We can see that the there are almost 80 majors where the percentage of women is below 50%, and almost 100 majors where the percentage of women is above 50%.

Let's now go search for common median saleries, by showing a histogram of the median salaries.

In [42]:

```
recent_grads['Median'].hist(bins=20)
```

Out[42]:

It looks like the ranges between 25K and 50K are most common. Let's zoom in further on this part.

In [43]:

```
recent_grads['Median'].hist(bins=25, range=(25000,50000))
```

Out[43]:

It looks like very common (median) salaries are 35-36K and 40-41K.

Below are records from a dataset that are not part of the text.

lemma entries_cost_lower_bound:
  assumes "tiling i (map (entry_set r) es) e" and "length (filter (\<lambda>x. x = None) es) \<le> 1"
    and "\<And>t b c. Some t \<in> set es \<Longrightarrow> ct_verts t = {b..<c} \<Longrightarrow> b < c \<Longrightarrow> opt_tree b c \<le> ct_cost m \<alpha> \<beta> \<gamma> t"
  shows "(None \<notin> set es \<longrightarrow> fst (opt_unrooted i e) \<le> foldl (entry_step r) 0 es)
    \<and> (None \<in> set es \<longrightarrow> i < e \<and> fst (opt_rooted i e) \<le> foldl (entry_step r) 0 es)"
  using assms
proof (induction es arbitrary: e rule: rev_induct)
  case Nil
  then show ?case by (simp add: opt_unrooted_empty)
next
  case (snoc x xs)
  from snoc.prems(1) obtain c where c: "tiling i (map (entry_set r) xs) c" "c < e" "entry_set r x
    = {c..<e}"
    by (auto simp: tiling_snoc)
  have i_c: "i \<le> c" using tiling_length_le[OF c(1)] by simp
  have IH: "(None \<notin> set xs \<longrightarrow> fst (opt_unrooted i c) \<le> foldl (entry_step r) 0 xs)
      \<and> (None \<in> set xs \<longrightarrow> i < c \<and> fst (opt_rooted i c) \<le> foldl (entry_step r) 0 xs)"
    using snoc.IH[OF c(1)] snoc.prems(2,3) by auto
  show ?case
  proof (cases x)
    case None
    then have r: "r = c" "e = Suc c" using c(3)
      by (simp_all add: entry_set_def singleton_eq_atLeastLessThan)
    have "None \<notin> set xs"
      using snoc.prems(2) None by (auto simp: filter_empty_conv)
    moreover have "fst (opt_rooted i e) \<le> cand_rooted i e e" using opt_rooted_argmin[of i e] r i_c
      by auto
    ultimately show ?thesis using None IH r i_c by (simp add: cand_rooted_def)
  next
    case (Some t)
    have t: "ct_verts t = {c..<e}" using c(3) Some by (simp add: entry_set_def)
    have sub: "opt_tree c e \<le> ct_cost m \<alpha> \<beta> \<gamma> t" using snoc.prems(3) Some t c(2) by auto
    have snoc_cost: "foldl (entry_step r) 0 (xs @ [x])
        = max (foldl (entry_step r) 0 xs) (ct_cost m \<alpha> \<beta> \<gamma> t) + \<alpha> + \<beta> * (S e - S c)"
      by (simp only: Some entries_cost_snoc_tree[OF t less_imp_le[OF c(2)]])
    have bound: "max y (opt_tree c e) + \<alpha> + \<beta> * (S e - S c) \<le> foldl (entry_step r) 0 (xs @ [x])"
      if "y \<le> foldl (entry_step r) 0 xs" for y
      unfolding snoc_cost using max.mono[OF that sub] by linarith
    show ?thesis
    proof (cases "None \<in> set xs")
      case False
      have "fst (opt_unrooted i e) \<le> cand_unrooted i e c"
        using opt_unrooted_argmin[of i e] i_c c(2) by auto
      then show ?thesis using bound IH False Some unfolding cand_unrooted_def by force
    next
      case True
      then have "i < c" using IH by simp
      then have "fst (opt_rooted i e) \<le> cand_rooted i e c" using opt_rooted_argmin[of i e] c(2) by auto
      then show ?thesis using bound IH True Some c(2) \<open>i < c\<close> unfolding cand_rooted_def by force
    qed
  qed
qed

lemma opt_tree_le_ct_cost:
  "ct_wf T \<Longrightarrow> strongly_ordered T \<Longrightarrow> ct_verts T = {i..<a} \<Longrightarrow> i < a \<Longrightarrow>
   opt_tree i a \<le> ct_cost m \<alpha> \<beta> \<gamma> T"
proof (induction T arbitrary: i a)
  case (Node r es)
  show ?case
  proof (cases "es = []")
    case True
    then show ?thesis using Node.prems(3) by (simp add: singleton_eq_atLeastLessThan)
  next
    case False
    note tile = tiling_of_ordered_Node[OF Node.prems False]
    have "length (filter (\<lambda>x. x = None) es) = 1" using Node.prems(1) False by simp
    moreover have "opt_tree b c \<le> ct_cost m \<alpha> \<beta> \<gamma> t"
      if "Some t \<in> set es" "ct_verts t = {b..<c}" "b < c" for t b c
      using Node.IH[OF that(1) _ _ _ that(2,3)] Node.prems(1,2) that(1) by force
    ultimately have "fst (opt_rooted i a) \<le> foldl (entry_step r) 0 es"
      using entries_cost_lower_bound[OF tile(1)] copy_marker_in_set by auto
    then show ?thesis using tile(2) unfolding ct_cost_Node_foldl by simp
  qed
qed

lemma dp_tree_optimal:
  assumes "0 < p"
  shows "is_ctree {0..<p} (dp_tree 0 p) \<and> strongly_ordered (dp_tree 0 p)
    \<and> (\<forall>T'. is_ctree {0..<p} T' \<and> strongly_ordered T' \<longrightarrow>
          ct_cost m \<alpha> \<beta> \<gamma> (dp_tree 0 p) \<le> ct_cost m \<alpha> \<beta> \<gamma> T')"
  using dp_tree_attains(1)[of 0 p] opt_tree_le_ct_cost[of _ 0 p] assms
  unfolding is_ctree_def tree_attains_def by (meson order_trans)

Let's looking further in the relations between (1)total number of majors (2)the median salary (3) percentage of women by creating a **scatter-matrix** for these three.

In [44]:

```
from pandas.plotting import scatter_matrix
scatter_matrix(recent_grads[['Total','Median', 'ShareWomen']], figsize = (12,12))
```

Out[44]:

What we can see from these plots is that:

- majors that are more popular tend to have a somewhat lower median salary
- majors that are more popular tend to attract a higher percentage of women In line with what we observed earlier

Now let's also create **bar-plots** for the first 10 and for the last 10 majors in the list to see what we can learn from that.

In [45]:

```
recent_grads[:10].plot.bar(x='Major', y='ShareWomen')
recent_grads[-10:].plot.bar(x='Major', y='ShareWomen')
```

Out[45]:

In [46]:

```
recent_grads[:10].plot.bar(x='Major', y='Unemployment_rate')
recent_grads[-10:].plot.bar(x='Major', y='Unemployment_rate')
```

Out[46]:

What we see:

- 'Engineering' majors (well represented in the first ten) attract low percentages of women; unemployments rates seem generally low (with the exception of Nuclear Engineering)
- Majors like psychology and language/education oriented topics attract higher percentages of women; unemployment rates are somewhat higher

Let's wrap-up with sharing some of the observations that we made above:

- The most popular majors are not those that result in the highest (median) salaries.
- Majors with higher percentages of women (which is actually a majority) tend to have lower (median) salaries.

Clearly, we've only be scratching the surface. The dataset contains a wealth of interesting data to explore. Possibly to be continued at another occassion!